Horace,
Excellent ideas. As you mentioned in your first post, the engineering
problems for pulling this off would be daunting.
Now that you mention steam/CO2 as the transfer medium - and oil-based
material as a donor - that brings up the steam-electricity effect:
http://www.esdjournal.com/techpapr/prevens/steam.pdf
...which has been assumed, prior to now, to be an electrostatic effect,
but the dividing line is blurry here. The paper mentions a huge
electrical explosion from steam cleaning an oil tanker. I have spent
perhaps 100 hours over the years trying to find a robust
"steam-electricity" effect, but to no avail - never seem more than a
fractional volt of charge.
The main problem with the more general concept is - it is so simple that
there should be more fundamental R&D out there, but I haven't found it
yet...
Jones
On Sep 6, 2007, at 7:23 PM, Jones Beene wrote:
Wiki has a pretty good article on electron affinity:
http://en.wikipedia.org/wiki/Electron_affinity
Here is the thought (I have not checked to see if this
is a "re-invention" of someone else's idea) - take two
electrodes and a working medium, and hydrogen is the
only working medium that fits into this concept very
well (73 kj/mol)...
- such that one electrode has a much lower electron
affinity than does the H2 (zinc works well ~0) and the
other has a much higher (gold plated copper works here
~223).
The donor electrode might be a slightly conductive plastic, or other
triboelectric donor material, which would thus also directly provide the
capacitive linkage. The trickle current though it would have to be
enough to recover for the next pulse. The electron donor - transporter
combination is still important if tribolelectric effects are used to
achieve the donation because that is in fact an electron affinity effect.

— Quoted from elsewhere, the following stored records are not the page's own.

lemma cycles_eq:
  "{c \<in> chains K' (Suc i). boundary K' (Suc i) c = 0} = {c \<in> chains K (Suc i). boundary K (Suc i) c = 0}"
proof (intro equalityI subsetI; clarify)
  fix c assume "c \<in> chains K' (Suc i)" "boundary K' (Suc i) c = 0"
  then have "c \<in> chains K (Suc i)"
    using chains_K_iff cycle_vanishes_on_\<sigma> by blast
  then show "c \<in> chains K (Suc i) \<and> boundary K (Suc i) c = 0"
    using boundary_supercomplex[OF complex Un_upper1 vertices'] \<open>boundary K' (Suc i) c = 0\<close> by simp
next
  fix c assume "c \<in> chains K (Suc i)" "boundary K (Suc i) c = 0"
  then show "c \<in> chains K' (Suc i) \<and> boundary K' (Suc i) c = 0"
    using chains_K_iff boundary_supercomplex[OF complex Un_upper1 vertices'] by simp
qed

lemma betti_eq: "betti K' (Suc i) = betti K (Suc i)"
  using boundary_image_if_no_faces faces_above_pure_empty[OF complex pure]
    faces_above_pure_empty[OF complex' pure']
  unfolding betti_def cycles_eq Suc_eq_plus1[symmetric] by simp

lemma in_cK: "K' \<in> cK (card (vertices K)) (Suc i) (betti K (Suc i))"
  unfolding cK_def using complex' vertices' pure' betti_eq by simp

end
(* Let $G$ be a graph and $x$ an arbitrary vertex of $G$. Then there exists a Grundy dominating sequence of $G$ that contains $x$.
   Context: For a graph $G$, $N[v]$ denotes the closed neighborhood of $v$. A sequence $(v_1,\ldots,v_k)$ of distinct vertices is a closed neighborhood sequence if $N[v_i]\setminus\bigcup_{j=1}^{i-1}N[v_j]\neq\emptyset$ for each $i\in[k]$. A Grundy dominating sequence is a closed neighborhood sequence of maximum possible length in $G$. *)

theory Defs
  imports Main
begin

definition graph :: "'a set \<Rightarrow> ('a \<Rightarrow> 'a \<Rightarrow> bool) \<Rightarrow> bool" where
  "graph V E \<longleftrightarrow> finite V \<and> (\<forall>u v. E u v \<longrightarrow> E v u) \<and> (\<forall>v. \<not> E v v)
     \<and> (\<forall>u v. E u v \<longrightarrow> u \<in> V \<and> v \<in> V)"

definition closed_nbhd :: "'a set \<Rightarrow> ('a \<Rightarrow> 'a \<Rightarrow> bool) \<Rightarrow> 'a \<Rightarrow> 'a set" where
  "closed_nbhd V E v = {u \<in> V. u = v \<or> E v u}"

definition closed_nbhd_seq :: "'a set \<Rightarrow> ('a \<Rightarrow> 'a \<Rightarrow> bool) \<Rightarrow> 'a list \<Rightarrow> bool" where
  "closed_nbhd_seq V E vs \<longleftrightarrow> distinct vs \<and> set vs \<subseteq> V \<and>
     (\<forall>i < length vs. closed_nbhd V E (vs ! i) - (\<Union>j<i. closed_nbhd V E (vs ! j)) \<noteq> {})"

definition grundy_dominating_seq :: "'a set \<Rightarrow> ('a \<Rightarrow> 'a \<Rightarrow> bool) \<Rightarrow> 'a list \<Rightarrow> bool" where
  "grundy_dominating_seq V E vs \<longleftrightarrow> closed_nbhd_seq V E vs \<and>
     (\<forall>ws. closed_nbhd_seq V E ws \<longrightarrow> length ws \<le> length vs)"

end

theory Submission
  imports Defs
begin

text \<open>Take a Grundy dominating sequence not containing \<open>x\<close>. By maximality it
  dominates \<open>N[x]\<close>, so some vertex \<open>v\<close> of it is the first one after which \<open>N[x]\<close>
  is dominated. Replacing \<open>v\<close> by \<open>x\<close> keeps the sequence legal: \<open>x\<close> still has a
  private neighbour at that position, and the set dominated by the prefix up
  to that position can only shrink, so every later vertex keeps its
  private neighbour.\<close>

definition dominated :: "'a set \<Rightarrow> ('a \<Rightarrow> 'a \<Rightarrow> bool) \<Rightarrow> 'a list \<Rightarrow> 'a set" where
  "dominated V E vs = (\<Union>v\<in>set vs. closed_nbhd V E v)"

lemma dominated_Nil [simp]: "dominated V E [] = {}"
  and dominated_append [simp]: "dominated V E (us @ ws) = dominated V E us \<union> dominated V E ws"
  and dominated_singleton [simp]: "dominated V E [v] = closed_nbhd V E v"
  by (auto simp: dominated_def)

lemma dominated_conv_nth: "dominated V E vs = (\<Union>j<length vs. closed_nbhd V E (vs ! j))"
  unfolding dominated_def by (auto simp: in_set_conv_nth intro: nth_mem)

lemma closed_nbhd_seq_Nil: "closed_nbhd_seq V E []"
  by (simp add: closed_nbhd_seq_def)

lemma closed_nbhd_seq_snoc:
  "closed_nbhd_seq V E (vs @ [v]) \<longleftrightarrow>
     closed_nbhd_seq V E vs \<and> v \<in> V \<and> v \<notin> set vs \<and> \<not> closed_nbhd V E v \<subseteq> dominated V E vs"
proof -
  have prefix_nbhds: "(\<Union>j<i. closed_nbhd V E ((vs @ [v]) ! j)) = (\<Union>j<i. closed_nbhd V E (vs ! j))"
    if "i \<le> length vs" for i
    using that by (auto simp: nth_append)
  show ?thesis
    unfolding closed_nbhd_seq_def dominated_conv_nth
    by (auto simp: less_Suc_eq all_conj_distrib prefix_nbhds nth_append)
qed

lemma closed_nbhd_seq_appendD: "closed_nbhd_seq V E (us @ ws) \<Longrightarrow> closed_nbhd_seq V E us"
  by (induction ws rule: rev_induct) (simp_all add: closed_nbhd_seq_snoc flip: append_assoc)

lemma closed_nbhd_seq_exchange_prefix:
  assumes "closed_nbhd_seq V E (us @ ws)" and "closed_nbhd_seq V E us'"
    and "dominated V E us' \<subseteq> dominated V E us" and "set us' \<inter> set ws = {}"
  shows "closed_nbhd_seq V E (us' @ ws)"
  using assms
proof (induction ws rule: rev_induct)
  case Nil
  then show ?case by simp
next
  case (snoc w ws)
  have "closed_nbhd_seq V E ((us @ ws) @ [w])"
    using snoc.prems(1) by simp
  then have prefix: "closed_nbhd_seq V E (us @ ws)" and w: "w \<in> V" "w \<notin> set (us @ ws)"
    and not_dom: "\<not> closed_nbhd V E w \<subseteq> dominated V E us \<union> dominated V E ws"
    unfolding closed_nbhd_seq_snoc by simp_all
  have "closed_nbhd_seq V E (us' @ ws)"
    using snoc.IH[OF prefix] snoc.prems(2-4) by auto
  moreover have "w \<notin> set (us' @ ws)"
    using w snoc.prems(4) by auto
  moreover have "\<not> closed_nbhd V E w \<subseteq> dominated V E (us' @ ws)"
    using not_dom snoc.prems(3) by auto
  ultimately show ?case
    using w by (simp add: closed_nbhd_seq_snoc flip: append_assoc)
qed

lemma split_at_first_dominating_prefix:
  assumes "A \<noteq> {}" and "A \<subseteq> dominated V E vs"
  shows "\<exists>us v ws. vs = us @ v # ws \<and> \<not> A \<subseteq> dominated V E us \<and> A \<subseteq> dominated V E (us @ [v])"
  using assms(2)
proof (induction vs rule: rev_induct)
  case Nil
  then show ?case using assms(1) by simp
next
  case (snoc w vs)
  show ?case
  proof (cases "A \<subseteq> dominated V E vs")
    case True
    then obtain us v ws where "vs = us @ v # ws" "\<not> A \<subseteq> dominated V E us" "A \<subseteq> dominated V E (us @ [v])"
      using snoc.IH by blast
    then show ?thesis by (intro exI[of _ us] exI[of _ v] exI[of _ "ws @ [w]"]) simp
  next
    case False
    then show ?thesis using snoc.prems by blast
  qed
qed

lemma grundy_dominating_seq_exists:
  assumes "finite V"
  shows "\<exists>vs. grundy_dominating_seq V E vs"
proof -
  have "length ws < card V + 1" if "closed_nbhd_seq V E ws" for ws
  proof -
    have "distinct ws" "set ws \<subseteq> V"
      using that by (simp_all add: closed_nbhd_seq_def)
    then have "length ws \<le> card V"
      using card_mono[OF assms] distinct_card by metis
    then show ?thesis by simp
  qed
  then show ?thesis
    using ex_has_greatest_nat[of "closed_nbhd_seq V E" "[]" length "card V + 1"]
    by (auto simp: grundy_dominating_seq_def closed_nbhd_seq_Nil)
qed

lemma grundy_dominating_seq_dominates_nbhd:
  assumes "grundy_dominating_seq V E vs" and "x \<in> V" and "x \<notin> set vs"
  shows "closed_nbhd V E x \<subseteq> dominated V E vs"
proof (rule ccontr)
  assume "\<not> closed_nbhd V E x \<subseteq> dominated V E vs"
  with assms have "closed_nbhd_seq V E (vs @ [x])"
    by (simp add: closed_nbhd_seq_snoc grundy_dominating_seq_def)
  with assms(1) show False
    unfolding grundy_dominating_seq_def by fastforce
qed

lemma closed_nbhd_seq_replace:
  assumes seq: "closed_nbhd_seq V E (us @ v # ws)" and "x \<in> V" and "x \<notin> set (us @ v # ws)"
    and "\<not> closed_nbhd V E x \<subseteq> dominated V E us"
    and "closed_nbhd V E x \<subseteq> dominated V E (us @ [v])"
  shows "closed_nbhd_seq V E (us @ x # ws)"
proof -
  have seq': "closed_nbhd_seq V E ((us @ [v]) @ ws)"
    using seq by simp
  then have "closed_nbhd_seq V E (us @ [x])"
    using closed_nbhd_seq_appendD[of V E us] assms(2-4) by (simp add: closed_nbhd_seq_snoc)
  moreover have "dominated V E (us @ [x]) \<subseteq> dominated V E (us @ [v])"
    using assms(5) by simp
  moreover have "set (us @ [x]) \<inter> set ws = {}"
    using seq assms(3) by (auto simp: closed_nbhd_seq_def)
  ultimately have "closed_nbhd_seq V E ((us @ [x]) @ ws)"
    by (rule closed_nbhd_seq_exchange_prefix[OF seq'])
  then show ?thesis by simp
qed

theorem proposition4p1:
  fixes V :: "'a set" and E :: "'a \<Rightarrow> 'a \<Rightarrow> bool" and x :: 'a
  assumes "graph V E" and "x \<in> V"
  shows "\<exists>vs. grundy_dominating_seq V E vs \<and> x \<in> set vs"
proof -
  have "finite V"
    using assms(1) by (simp add: graph_def)
  then obtain vs where grundy: "grundy_dominating_seq V E vs"
    using grundy_dominating_seq_exists by blast
  show ?thesis
  proof (cases "x \<in> set vs")
    case True
    with grundy show ?thesis by blast
  next
    case False
    have "closed_nbhd V E x \<noteq> {}"
      using assms(2) by (auto simp: closed_nbhd_def)
    moreover have "closed_nbhd V E x \<subseteq> dominated V E vs"
      using grundy_dominating_seq_dominates_nbhd[OF grundy assms(2) False] .
    ultimately obtain us v ws where vs: "vs = us @ v # ws"
      and not_dom: "\<not> closed_nbhd V E x \<subseteq> dominated V E us"
      and dom: "closed_nbhd V E x \<subseteq> dominated V E (us @ [v])"
      using split_at_first_dominating_prefix[of "closed_nbhd V E x" V E vs] by blast
    have "closed_nbhd_seq V E (us @ v # ws)"
      using grundy vs by (simp add: grundy_dominating_seq_def)
    then have "closed_nbhd_seq V E (us @ x # ws)"
      using assms(2) False not_dom dom unfolding vs by (rule closed_nbhd_seq_replace)
    then have "grundy_dominating_seq V E (us @ x # ws)"
      using grundy vs by (simp add: grundy_dominating_seq_def)
    then show ?thesis by auto
  qed
qed

end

http://www.purgit.com/static.html
Candidate electron transporter molecules might come substances from the
list of "accumulator oils" provided in the above article:
Accumulator oils
=============================
Natural gasolines
Kerosenes
White spirits
Motor and aviation gasolines
Jet fuels
Naphthas
Heating oils
Clean diesel oils
Lubricating oils
CO2 might be a candidate transporter molecule, and a CO2-Steam mix might
be effective, with one being more effective acceptor, the other a more
effective donor, with gas born electron exchanges involved in addition.